Dave Brubeck Took Jazz Behind Iron Curtain, and So Much More

I rarely listen to music when I’m working — it’s usually too distracting — but right now I’m playing “Jazz Impressions of Eurasia,” a lesser-known album by the Dave Brubeck Quartet. December marks the centennial of Brubeck’s birth, you see, and a flurry of concerts and radio shows has honored his legacy over the past few weeks. Not many of them feature tunes from the Eurasia album, but one had a particular importance both for Brubeck and the audience he first played it for. The song is titled “Dziekuje,” Polish for “thank you.” Brubeck wrote it in early 1958 during a train ride to the Polish city of Poznan, part of a 12-city tour of the country, which was behind the Iron Curtain at the time. The tour was sponsored by the U.S. State Department.

In its heyday — the 1950s and ’60s — Brubeck’s quartet, with the classic lineup of Brubeck on piano, Paul Desmond on alto saxophone, Eugene Wright on bass and Joe Morello on drums, was the second-most-popular jazz act in the world, its fame exceeded only by Louis Armstrong. Its best-known tune, “Take Five,” recorded in 1959, remains the biggest selling jazz single in history. Brubeck experimented brilliantly with unorthodox time signatures, composed a handful of jazz classics and developed a sound that was instantly recognizable. On the East Coast, Charlie Parker and Dizzy Gillespie were inventing bebop; on the West Coast, Brubeck and Desmond were creating another kind of jazz, easier on the ear but no less rigorous, which the critics called “cool jazz” (a description Brubeck never liked).

At the height of the Cold War, President Dwight Eisenhower and Secretary of State John Foster Dulles decided it would be a good idea to send jazz musicians to the Soviet bloc. Given the Dave Brubeck Quartet’s widespread popularity, there was never any doubt that it would be among the groups the government would solicit for one of the tours.

For the first decade or so after the World War II, only American symphony orchestras and classical musicians were invited behind the Iron Curtain. Jazz was forbidden; the Soviets portrayed it as decadent, the product of a corrupt capitalist system. The one place where Eastern Europeans could hear jazz was on the Voice of America, where Willis Conover hosted a popular music show. “Jazz,” Conover used to tell his audience, “guarantees each musician absolute freedom within a framework of cooperation.” Which, of course, is exactly why the Kremlin hated it.

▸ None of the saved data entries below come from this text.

lemma (in ncf_irrational) E_part_sign_bound:
  "(-1) ^ odd_count \<alpha> j * ncf_E_part \<alpha> N j \<ge> 0 \<and> \<bar>ncf_E_part \<alpha> N j\<bar> \<le> ncf_Dr \<alpha> (Suc j) / 2"
proof (induction N arbitrary: j)
  case 0
  then show ?case using Dr_pos[of "Suc j"] by (simp add: ncf_E_part_def)
next
  case (Suc N)
  let ?s = "(-1) ^ odd_count \<alpha> j :: real"
  have D: "ncf_Dr \<alpha> (Suc (Suc j)) \<le> ncf_Dr \<alpha> (Suc j)" using Dr_Suc_less[of "Suc j"] by simp
  show ?case
  proof (cases "odd (ncf_a \<alpha> (Suc j))")
    case True
    have "ncf_E_part \<alpha> (Suc N) j = ncf_E_part \<alpha> N (Suc j) + ?s * ncf_Dr \<alpha> (Suc j) / 2"
      using True by (simp add: ncf_E_part_Suc ncf_tr_odd)
    moreover note abs_add_signed_half[of "ncf_E_part \<alpha> N (Suc j)" "ncf_Dr \<alpha> (Suc j)" ?s]
    ultimately show ?thesis using Suc.IH[of "Suc j"] True D by (simp add: odd_count_Suc)
  next
    case False
    then show ?thesis
      using Suc.IH[of "Suc j"] D by (simp add: ncf_E_part_Suc ncf_tr_even odd_count_Suc)
  qed
qed

locale ncf_tail = ncf_irrational +
  fixes K :: nat and R :: int
  assumes R_ge_3: "R \<ge> 3" and a_ge_R: "\<And>i. i \<ge> K \<Longrightarrow> ncf_a \<alpha> i \<ge> R"
begin

lemma K_pos: "K \<ge> 1"
  using a_ge_R[of K] R_ge_3 by (cases K) auto

lemma ar_ge_3: "i \<ge> K \<Longrightarrow> ncf_ar \<alpha> i \<ge> 3"
  using a_ge_R[of i] R_ge_3 by (simp add: ncf_ar_def)

lemma rem_le_half: "Suc j \<ge> K \<Longrightarrow> ncf_rem \<alpha> j \<le> 1/2"
proof -
  assume "Suc j \<ge> K"
  then have "ncf_ar \<alpha> (Suc j) \<ge> 3" by (rule ar_ge_3)
  then have "ncf_ar \<alpha> (Suc j) - ncf_rem \<alpha> (Suc j) \<ge> 2"
    using rem_less_one[of "Suc j"] by linarith
  then show ?thesis by (subst rem_eq) (simp add: ncf_ar_def[symmetric] field_simps)
qed

lemma rem_le_two_fifths: "j \<ge> K \<Longrightarrow> ncf_rem \<alpha> j \<le> 2/5"
proof -
  assume "j \<ge> K"
  then have "ncf_ar \<alpha> (Suc j) - ncf_rem \<alpha> (Suc j) \<ge> 5/2"
    using ar_ge_3[of "Suc j"] rem_le_half[of "Suc j"] by simp
  then show ?thesis by (subst rem_eq) (simp add: ncf_ar_def[symmetric] field_simps)
qed

lemma Dr_Suc_le_half: "j \<ge> K \<Longrightarrow> ncf_Dr \<alpha> (Suc j) \<le> ncf_Dr \<alpha> j / 2"
  using Dr_Suc[of j] rem_le_half[of j] Dr_pos[of j] by (simp add: mult_right_mono)

lemma Dr_summable: "summable (ncf_Dr \<alpha>)"
proof (rule summable_ratio_test[of "1/2" K])
  fix n
  assume "n \<ge> K"
  then show "norm (ncf_Dr \<alpha> (Suc n)) \<le> 1/2 * norm (ncf_Dr \<alpha> n)"
    using Dr_Suc_le_half[of n] Dr_pos[of n] Dr_pos[of "Suc n"] by simp
qed simp

lemma summable_E_terms: "summable (\<lambda>i. ncf_tr \<alpha> (i + k) * ncf_Dr \<alpha> (i + k) / 2)"
proof (rule summable_comparison_test')
  show "summable (\<lambda>i. ncf_Dr \<alpha> (i + k))"
    using Dr_summable summable_iff_shift by blast
  show "norm (ncf_tr \<alpha> (i + k) * ncf_Dr \<alpha> (i + k) / 2) \<le> ncf_Dr \<alpha> (i + k)" for i
    using abs_ncf_tr_le[of \<alpha> "i + k"] Dr_pos[of "i + k"]
    by (simp add: abs_mult mult_le_cancel_right1)
qed

lemma E_part_tendsto: "(\<lambda>N. ncf_E_part \<alpha> N j) \<longlonglongrightarrow> ncf_E \<alpha> j"
  unfolding ncf_E_part_def ncf_E_def using summable_E_terms summable_LIMSEQ by blast

lemma E_rec: "ncf_E \<alpha> j = ncf_E \<alpha> (Suc j) + ncf_tr \<alpha> (Suc j) * ncf_Dr \<alpha> (Suc j) / 2"
  using suminf_split_head[OF summable_E_terms[of "Suc j"]] by (simp add: ncf_E_def)

lemma E_sign_bound:
  "(-1) ^ odd_count \<alpha> j * ncf_E \<alpha> j \<ge> 0 \<and> \<bar>ncf_E \<alpha> j\<bar> \<le> ncf_Dr \<alpha> (Suc j) / 2"
proof
  have "(\<lambda>N. (-1) ^ odd_count \<alpha> j * ncf_E_part \<alpha> N j) \<longlonglongrightarrow> (-1) ^ odd_count \<alpha> j * ncf_E \<alpha> j"
    by (intro tendsto_intros E_part_tendsto)
  then show "(-1) ^ odd_count \<alpha> j * ncf_E \<alpha> j \<ge> 0"
    by (rule LIMSEQ_le_const) (use E_part_sign_bound in fast)
  have "(\<lambda>N. \<bar>ncf_E_part \<alpha> N j\<bar>) \<longlonglongrightarrow> \<bar>ncf_E \<alpha> j\<bar>"
    by (intro tendsto_intros E_part_tendsto)
  then show "\<bar>ncf_E \<alpha> j\<bar> \<le> ncf_Dr \<alpha> (Suc j) / 2"
    by (rule LIMSEQ_le_const2) (use E_part_sign_bound in fast)
qed

lemma abs_E_eq:
  "\<bar>ncf_E \<alpha> j\<bar> =
     (if even (ncf_a \<alpha> (Suc j)) then \<bar>ncf_E \<alpha> (Suc j)\<bar> else ncf_Dr \<alpha> (Suc j) / 2 - \<bar>ncf_E \<alpha> (Suc j)\<bar>)"
proof (cases "even (ncf_a \<alpha> (Suc j))")
  case True
  then show ?thesis by (simp add: E_rec[of j] ncf_tr_even)
next
  case False
  let ?s = "(-1) ^ odd_count \<alpha> j :: real"
  have "\<bar>ncf_E \<alpha> (Suc j)\<bar> \<le> ncf_Dr \<alpha> (Suc j) / 2"
    using E_sign_bound[of "Suc j"] Dr_Suc_less[of "Suc j"] by linarith
  moreover have "?s * ncf_E \<alpha> (Suc j) \<le> 0"
    using E_sign_bound[of "Suc j"] False by (simp add: odd_count_Suc)
  ultimately show ?thesis
    using False abs_add_signed_half(1)[of "ncf_E \<alpha> (Suc j)" "ncf_Dr \<alpha> (Suc j)" ?s]
    by (simp add: E_rec[of j] ncf_tr_odd)
qed

lemma Phi_E_nonpos: "ncf_Phi \<alpha> j * ncf_E \<alpha> j \<le> 0"
proof -
  let ?s = "(-1) ^ odd_count \<alpha> j :: real"
  have "(?s * ncf_Phi \<alpha> j) * (?s * ncf_E \<alpha> j) \<le> 0"
    using Phi_sign_bound[of j] E_sign_bound[of j] by (simp add: mult_nonpos_nonneg)
  then show ?thesis by (simp add: algebra_simps)
qed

By the late 1950s, however, several Soviet bloc countries, including Poland, had lowered their animus toward jazz. It still wasn’t easy to get jazz recordings, but it wasn’t impossible, either. In Poland, underground jazz clubs had opened with little interference from the authorities. The U.S. government decided to stop sponsoring symphony orchestras — which, after all, played European music back to Europeans — and focus instead on jazz. Sending jazz musicians behind the Iron Curtain would be a way of winning hearts and minds by showing off this exciting American music.  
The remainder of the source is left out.